Copy out lines with the word "assumes" from the material that follows.

** Opening Records shown block **

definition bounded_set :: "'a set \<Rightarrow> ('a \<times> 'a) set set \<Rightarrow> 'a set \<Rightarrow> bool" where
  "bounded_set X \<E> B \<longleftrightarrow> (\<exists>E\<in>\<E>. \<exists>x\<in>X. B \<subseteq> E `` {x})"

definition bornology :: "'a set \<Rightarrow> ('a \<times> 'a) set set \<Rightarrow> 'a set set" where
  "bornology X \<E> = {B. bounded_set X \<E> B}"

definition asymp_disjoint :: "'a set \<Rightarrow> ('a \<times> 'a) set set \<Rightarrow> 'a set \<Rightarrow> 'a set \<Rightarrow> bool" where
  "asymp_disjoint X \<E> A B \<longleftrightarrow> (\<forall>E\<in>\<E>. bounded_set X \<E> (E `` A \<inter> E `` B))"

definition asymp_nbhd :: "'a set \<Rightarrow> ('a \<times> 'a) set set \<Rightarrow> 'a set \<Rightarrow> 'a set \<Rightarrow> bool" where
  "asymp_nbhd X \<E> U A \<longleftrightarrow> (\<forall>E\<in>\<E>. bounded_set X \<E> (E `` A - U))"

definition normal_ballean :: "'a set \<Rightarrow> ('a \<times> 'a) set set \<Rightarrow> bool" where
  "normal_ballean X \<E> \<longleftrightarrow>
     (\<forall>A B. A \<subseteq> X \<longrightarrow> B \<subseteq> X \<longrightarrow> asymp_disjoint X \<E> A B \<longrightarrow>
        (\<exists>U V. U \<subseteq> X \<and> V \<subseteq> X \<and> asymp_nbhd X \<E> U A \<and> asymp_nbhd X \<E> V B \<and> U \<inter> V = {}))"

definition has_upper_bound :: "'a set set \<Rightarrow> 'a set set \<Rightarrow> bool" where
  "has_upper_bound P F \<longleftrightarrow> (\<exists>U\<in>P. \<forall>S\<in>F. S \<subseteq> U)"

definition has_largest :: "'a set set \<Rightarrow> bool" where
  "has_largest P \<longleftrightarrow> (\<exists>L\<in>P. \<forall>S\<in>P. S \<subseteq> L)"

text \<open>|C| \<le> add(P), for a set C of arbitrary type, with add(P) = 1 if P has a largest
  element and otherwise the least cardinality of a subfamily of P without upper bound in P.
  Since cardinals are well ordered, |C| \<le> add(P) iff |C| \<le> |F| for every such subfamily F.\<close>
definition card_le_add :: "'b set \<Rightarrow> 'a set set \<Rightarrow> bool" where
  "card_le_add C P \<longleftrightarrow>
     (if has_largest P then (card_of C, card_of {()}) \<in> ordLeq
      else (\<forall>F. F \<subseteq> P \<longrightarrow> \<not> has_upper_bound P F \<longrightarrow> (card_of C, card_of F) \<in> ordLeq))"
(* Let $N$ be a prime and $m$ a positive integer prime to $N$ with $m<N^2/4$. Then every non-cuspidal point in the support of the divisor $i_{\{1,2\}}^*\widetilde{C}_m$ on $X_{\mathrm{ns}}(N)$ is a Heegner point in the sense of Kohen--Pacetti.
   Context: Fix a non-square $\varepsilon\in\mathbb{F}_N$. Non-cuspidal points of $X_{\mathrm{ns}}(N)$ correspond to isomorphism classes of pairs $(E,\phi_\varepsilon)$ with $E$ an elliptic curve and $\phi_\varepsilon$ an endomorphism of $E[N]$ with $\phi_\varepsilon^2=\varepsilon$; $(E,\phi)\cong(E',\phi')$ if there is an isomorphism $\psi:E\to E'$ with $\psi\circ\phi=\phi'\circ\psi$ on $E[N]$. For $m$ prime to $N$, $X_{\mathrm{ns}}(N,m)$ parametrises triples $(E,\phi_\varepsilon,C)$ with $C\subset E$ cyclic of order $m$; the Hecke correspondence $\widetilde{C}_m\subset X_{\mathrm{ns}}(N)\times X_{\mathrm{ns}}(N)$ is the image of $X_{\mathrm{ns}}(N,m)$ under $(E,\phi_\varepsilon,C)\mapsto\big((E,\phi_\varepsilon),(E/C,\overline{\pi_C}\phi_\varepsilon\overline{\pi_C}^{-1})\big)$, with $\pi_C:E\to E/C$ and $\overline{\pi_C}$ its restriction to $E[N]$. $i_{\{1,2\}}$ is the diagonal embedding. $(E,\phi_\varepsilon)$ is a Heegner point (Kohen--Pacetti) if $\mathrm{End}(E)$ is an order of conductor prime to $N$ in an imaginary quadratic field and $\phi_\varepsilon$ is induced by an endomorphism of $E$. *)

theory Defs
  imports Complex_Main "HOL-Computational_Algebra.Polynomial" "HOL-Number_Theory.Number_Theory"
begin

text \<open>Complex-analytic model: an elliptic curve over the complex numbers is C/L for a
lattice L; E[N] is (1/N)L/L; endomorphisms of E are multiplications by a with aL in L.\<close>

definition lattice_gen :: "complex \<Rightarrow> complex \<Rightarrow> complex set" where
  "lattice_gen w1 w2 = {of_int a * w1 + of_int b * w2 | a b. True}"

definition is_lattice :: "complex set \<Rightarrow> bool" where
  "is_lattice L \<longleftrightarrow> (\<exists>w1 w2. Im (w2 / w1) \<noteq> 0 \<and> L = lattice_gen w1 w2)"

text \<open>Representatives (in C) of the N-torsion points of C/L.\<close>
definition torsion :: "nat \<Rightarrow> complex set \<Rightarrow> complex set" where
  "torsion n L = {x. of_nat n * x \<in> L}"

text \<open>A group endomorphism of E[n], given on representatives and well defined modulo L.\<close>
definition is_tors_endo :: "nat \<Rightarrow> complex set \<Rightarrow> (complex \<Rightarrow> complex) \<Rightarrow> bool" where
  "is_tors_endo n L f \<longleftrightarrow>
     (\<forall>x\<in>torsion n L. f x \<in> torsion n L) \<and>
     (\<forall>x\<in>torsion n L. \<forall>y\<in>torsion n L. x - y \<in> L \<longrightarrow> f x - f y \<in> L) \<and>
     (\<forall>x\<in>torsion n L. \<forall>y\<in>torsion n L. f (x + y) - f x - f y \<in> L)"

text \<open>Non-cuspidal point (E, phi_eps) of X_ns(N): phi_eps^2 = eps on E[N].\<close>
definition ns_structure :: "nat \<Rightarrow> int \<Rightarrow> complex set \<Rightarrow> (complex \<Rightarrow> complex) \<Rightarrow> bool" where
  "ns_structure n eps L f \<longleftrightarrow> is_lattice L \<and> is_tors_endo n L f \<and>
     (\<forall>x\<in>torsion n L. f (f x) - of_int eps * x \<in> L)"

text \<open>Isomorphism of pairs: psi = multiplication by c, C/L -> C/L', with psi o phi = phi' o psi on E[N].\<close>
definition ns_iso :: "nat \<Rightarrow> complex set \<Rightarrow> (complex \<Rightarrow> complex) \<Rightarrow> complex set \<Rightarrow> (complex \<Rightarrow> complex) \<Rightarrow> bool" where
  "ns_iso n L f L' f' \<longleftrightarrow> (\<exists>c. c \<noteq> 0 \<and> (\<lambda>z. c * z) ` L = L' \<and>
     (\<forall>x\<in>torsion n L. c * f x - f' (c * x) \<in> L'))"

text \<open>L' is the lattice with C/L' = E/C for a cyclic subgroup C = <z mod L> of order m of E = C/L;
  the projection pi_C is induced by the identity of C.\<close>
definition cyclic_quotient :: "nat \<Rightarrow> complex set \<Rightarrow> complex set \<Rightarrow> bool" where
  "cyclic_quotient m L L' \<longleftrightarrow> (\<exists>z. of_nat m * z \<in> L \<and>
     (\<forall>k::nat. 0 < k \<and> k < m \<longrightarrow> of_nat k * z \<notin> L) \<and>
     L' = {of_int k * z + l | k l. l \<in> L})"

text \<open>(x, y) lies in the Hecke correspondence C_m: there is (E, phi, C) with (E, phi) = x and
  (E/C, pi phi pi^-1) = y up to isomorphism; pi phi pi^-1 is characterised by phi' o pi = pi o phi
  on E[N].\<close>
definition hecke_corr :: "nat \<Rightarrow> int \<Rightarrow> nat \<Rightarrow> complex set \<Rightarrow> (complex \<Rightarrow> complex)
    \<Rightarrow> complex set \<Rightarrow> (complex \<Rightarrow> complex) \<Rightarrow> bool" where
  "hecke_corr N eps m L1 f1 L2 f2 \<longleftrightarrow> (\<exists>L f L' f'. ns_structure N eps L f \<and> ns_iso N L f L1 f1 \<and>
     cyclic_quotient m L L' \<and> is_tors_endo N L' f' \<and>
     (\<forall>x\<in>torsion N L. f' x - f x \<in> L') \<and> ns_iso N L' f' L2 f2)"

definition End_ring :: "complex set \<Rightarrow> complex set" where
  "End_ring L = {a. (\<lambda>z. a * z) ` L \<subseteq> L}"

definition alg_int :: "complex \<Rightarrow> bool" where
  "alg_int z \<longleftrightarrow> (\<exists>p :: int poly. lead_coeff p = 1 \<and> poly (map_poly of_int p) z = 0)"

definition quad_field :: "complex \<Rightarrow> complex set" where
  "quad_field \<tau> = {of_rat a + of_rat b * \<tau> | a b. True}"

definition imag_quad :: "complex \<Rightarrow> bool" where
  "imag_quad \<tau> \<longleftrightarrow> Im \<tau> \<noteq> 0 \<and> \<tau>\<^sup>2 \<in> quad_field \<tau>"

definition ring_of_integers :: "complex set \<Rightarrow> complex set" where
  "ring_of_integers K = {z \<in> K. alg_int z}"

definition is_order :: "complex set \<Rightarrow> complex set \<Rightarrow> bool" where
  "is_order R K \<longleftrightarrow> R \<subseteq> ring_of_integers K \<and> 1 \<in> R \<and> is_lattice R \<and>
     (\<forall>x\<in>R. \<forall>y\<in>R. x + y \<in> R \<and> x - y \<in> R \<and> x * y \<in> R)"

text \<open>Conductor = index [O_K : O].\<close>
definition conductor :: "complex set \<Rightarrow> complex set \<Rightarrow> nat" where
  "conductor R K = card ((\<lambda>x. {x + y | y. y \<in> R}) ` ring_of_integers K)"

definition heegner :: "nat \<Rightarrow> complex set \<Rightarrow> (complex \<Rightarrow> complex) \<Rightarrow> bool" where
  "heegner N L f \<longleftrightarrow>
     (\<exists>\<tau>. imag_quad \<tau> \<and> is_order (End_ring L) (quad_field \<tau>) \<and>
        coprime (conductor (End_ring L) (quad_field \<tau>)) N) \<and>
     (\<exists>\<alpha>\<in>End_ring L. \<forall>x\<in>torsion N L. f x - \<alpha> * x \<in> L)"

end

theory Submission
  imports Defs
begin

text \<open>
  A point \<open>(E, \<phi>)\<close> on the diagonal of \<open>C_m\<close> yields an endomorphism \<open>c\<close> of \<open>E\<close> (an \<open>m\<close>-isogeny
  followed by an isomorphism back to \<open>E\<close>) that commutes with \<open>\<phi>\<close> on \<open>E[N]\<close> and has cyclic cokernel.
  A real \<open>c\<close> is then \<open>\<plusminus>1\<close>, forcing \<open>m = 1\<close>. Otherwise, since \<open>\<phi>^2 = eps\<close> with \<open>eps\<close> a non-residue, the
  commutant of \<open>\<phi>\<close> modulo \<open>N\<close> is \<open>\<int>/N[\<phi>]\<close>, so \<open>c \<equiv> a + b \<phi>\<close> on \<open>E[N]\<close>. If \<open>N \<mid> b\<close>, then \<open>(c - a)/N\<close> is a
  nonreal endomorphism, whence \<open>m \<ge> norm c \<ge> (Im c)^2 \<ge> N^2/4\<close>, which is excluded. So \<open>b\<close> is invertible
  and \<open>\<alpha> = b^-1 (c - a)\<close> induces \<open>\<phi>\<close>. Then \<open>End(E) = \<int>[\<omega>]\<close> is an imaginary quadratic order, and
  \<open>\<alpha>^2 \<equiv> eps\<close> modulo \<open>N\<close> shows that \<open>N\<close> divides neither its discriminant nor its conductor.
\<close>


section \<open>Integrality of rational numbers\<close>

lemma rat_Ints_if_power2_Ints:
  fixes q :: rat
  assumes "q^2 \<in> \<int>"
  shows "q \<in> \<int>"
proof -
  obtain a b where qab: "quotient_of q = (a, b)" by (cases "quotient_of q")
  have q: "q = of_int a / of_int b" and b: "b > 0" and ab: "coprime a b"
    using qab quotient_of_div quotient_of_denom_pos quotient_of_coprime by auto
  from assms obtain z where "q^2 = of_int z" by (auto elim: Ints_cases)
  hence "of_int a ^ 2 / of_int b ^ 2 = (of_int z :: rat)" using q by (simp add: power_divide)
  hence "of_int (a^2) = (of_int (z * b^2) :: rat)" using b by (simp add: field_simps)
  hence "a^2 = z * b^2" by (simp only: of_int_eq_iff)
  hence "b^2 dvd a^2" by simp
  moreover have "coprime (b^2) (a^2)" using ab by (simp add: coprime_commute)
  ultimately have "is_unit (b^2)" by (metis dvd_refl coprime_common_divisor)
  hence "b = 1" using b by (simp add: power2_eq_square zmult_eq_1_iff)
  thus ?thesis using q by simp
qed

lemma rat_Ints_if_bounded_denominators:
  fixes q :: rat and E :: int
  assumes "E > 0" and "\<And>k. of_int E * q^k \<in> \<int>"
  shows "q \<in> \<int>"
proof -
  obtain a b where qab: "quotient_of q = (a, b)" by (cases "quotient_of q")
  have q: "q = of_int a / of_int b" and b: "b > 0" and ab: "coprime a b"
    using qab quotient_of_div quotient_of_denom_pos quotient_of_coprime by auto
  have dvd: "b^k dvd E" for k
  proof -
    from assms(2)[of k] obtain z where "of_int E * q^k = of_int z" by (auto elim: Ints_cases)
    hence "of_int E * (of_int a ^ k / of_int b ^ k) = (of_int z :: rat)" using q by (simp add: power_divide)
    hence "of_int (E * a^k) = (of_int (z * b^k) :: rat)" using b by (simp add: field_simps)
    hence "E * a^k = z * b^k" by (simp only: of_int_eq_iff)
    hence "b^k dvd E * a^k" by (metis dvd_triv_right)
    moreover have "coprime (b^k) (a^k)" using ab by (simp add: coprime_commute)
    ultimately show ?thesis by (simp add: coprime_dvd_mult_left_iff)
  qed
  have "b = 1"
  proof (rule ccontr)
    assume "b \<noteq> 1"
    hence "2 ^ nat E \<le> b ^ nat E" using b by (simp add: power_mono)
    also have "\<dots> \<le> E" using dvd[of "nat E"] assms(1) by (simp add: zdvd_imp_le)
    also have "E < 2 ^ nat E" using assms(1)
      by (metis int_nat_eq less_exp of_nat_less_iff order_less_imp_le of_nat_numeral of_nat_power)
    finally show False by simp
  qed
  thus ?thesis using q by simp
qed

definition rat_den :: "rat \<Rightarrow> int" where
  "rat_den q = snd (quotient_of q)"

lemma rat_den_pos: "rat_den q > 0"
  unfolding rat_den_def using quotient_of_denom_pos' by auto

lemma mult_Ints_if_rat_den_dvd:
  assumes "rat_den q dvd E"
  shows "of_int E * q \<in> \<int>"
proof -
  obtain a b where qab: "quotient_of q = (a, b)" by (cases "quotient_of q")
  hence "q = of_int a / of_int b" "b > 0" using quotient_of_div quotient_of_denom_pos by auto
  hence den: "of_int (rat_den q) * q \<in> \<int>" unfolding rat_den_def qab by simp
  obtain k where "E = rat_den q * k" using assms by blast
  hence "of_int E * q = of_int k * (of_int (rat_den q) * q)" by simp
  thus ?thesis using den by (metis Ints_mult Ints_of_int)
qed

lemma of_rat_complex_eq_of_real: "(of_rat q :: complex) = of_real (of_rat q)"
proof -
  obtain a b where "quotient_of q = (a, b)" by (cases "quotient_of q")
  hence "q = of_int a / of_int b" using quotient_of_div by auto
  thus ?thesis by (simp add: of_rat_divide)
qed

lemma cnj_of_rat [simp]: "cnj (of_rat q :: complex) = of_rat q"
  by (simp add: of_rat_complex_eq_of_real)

** Closing Records shown block **

• [Written answer]:
  assumes "q^2 \<in> \<int>"
  assumes "E > 0" and "\<And>k. of_int E * q^k \<in> \<int>"
  assumes "rat_den q dvd E"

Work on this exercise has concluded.